He doesn’t expect the market to do this out of sweetness. “If anything it’ll do the opposite,” Wright says. “It’ll favor AIs that are optimized for engagement and so reinforce our comforting sense that we’re always in the right.”
This is why Wright calls the coming challenge “The God Test.” He’s not arguing that ChatGPT is God, or that tomorrow’s office printer will demand burnt offerings. His claim is stranger and larger. Artificial intelligence may be a turning point not merely in technology, but in the long evolutionary story of life on Earth. It may force humanity to decide what kind of species it is before something smarter begins answering that question for us.

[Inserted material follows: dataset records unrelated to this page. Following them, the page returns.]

text \<open>A minimal nonempty \<open>f\<close>-invariant subset is mapped onto itself.\<close>

lemma finite_selfmap_permutes_subset:
  assumes "finite S" "S \<noteq> {}" "f ` S \<subseteq> S"
  obtains C \<rho> where "C \<subseteq> S" "C \<noteq> {}" "\<rho> permutes C" "\<And>k. k \<in> C \<Longrightarrow> \<rho> k = f k"
proof -
  define invariant where "invariant C \<longleftrightarrow> C \<noteq> {} \<and> C \<subseteq> S \<and> f ` C \<subseteq> C" for C
  have "invariant S"
    using assms by (simp add: invariant_def)
  then obtain C where C: "invariant C" and minimal: "\<And>D. invariant D \<Longrightarrow> card C \<le> card D"
    using ex_has_least_nat[of invariant S card] by blast
  have finite: "finite C"
    using C assms(1) finite_subset unfolding invariant_def by blast
  have "invariant (f ` C)"
    using C unfolding invariant_def by blast
  then have "card C \<le> card (f ` C)"
    by (rule minimal)
  with card_image_le[OF finite, of f] have card: "card (f ` C) = card C"
    by (rule antisym)
  then have "f ` C = C"
    using C finite card_subset_eq unfolding invariant_def by blast
  moreover have "inj_on f C"
    using eq_card_imp_inj_on[OF finite card] .
  ultimately have "bij_betw f C C"
    by (simp add: bij_betw_def)
  define \<rho> where "\<rho> k = (if k \<in> C then f k else k)" for k
  have "bij_betw \<rho> C C"
    using \<open>bij_betw f C C\<close> by (rule bij_betw_cong[THEN iffD1, rotated]) (simp add: \<rho>_def)
  then have "\<rho> permutes C"
    by (rule bij_imp_permutes) (simp add: \<rho>_def)
  moreover have "\<rho> k = f k" if "k \<in> C" for k
    using that by (simp add: \<rho>_def)
  ultimately show thesis
    using C that unfolding invariant_def by blast
qed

Wright ends by returning to Edward Fredkin, the brilliant computer scientist he interviewed decades earlier. At one point, Wright recalls shouting a question over the engine of Fredkin’s seaplane. “What is the meaning of life?”
Fredkin’s answer was that humanity’s mission was to create artificial intelligence, the next step in evolution.
Back then, the answer could sound grandiose, eccentric, and maybe even a little comic, the sort of thing a very smart man says in a very loud aircraft. Now Wright is no longer so sure it was merely strange. If creating AI was the mission, surviving it may be the test.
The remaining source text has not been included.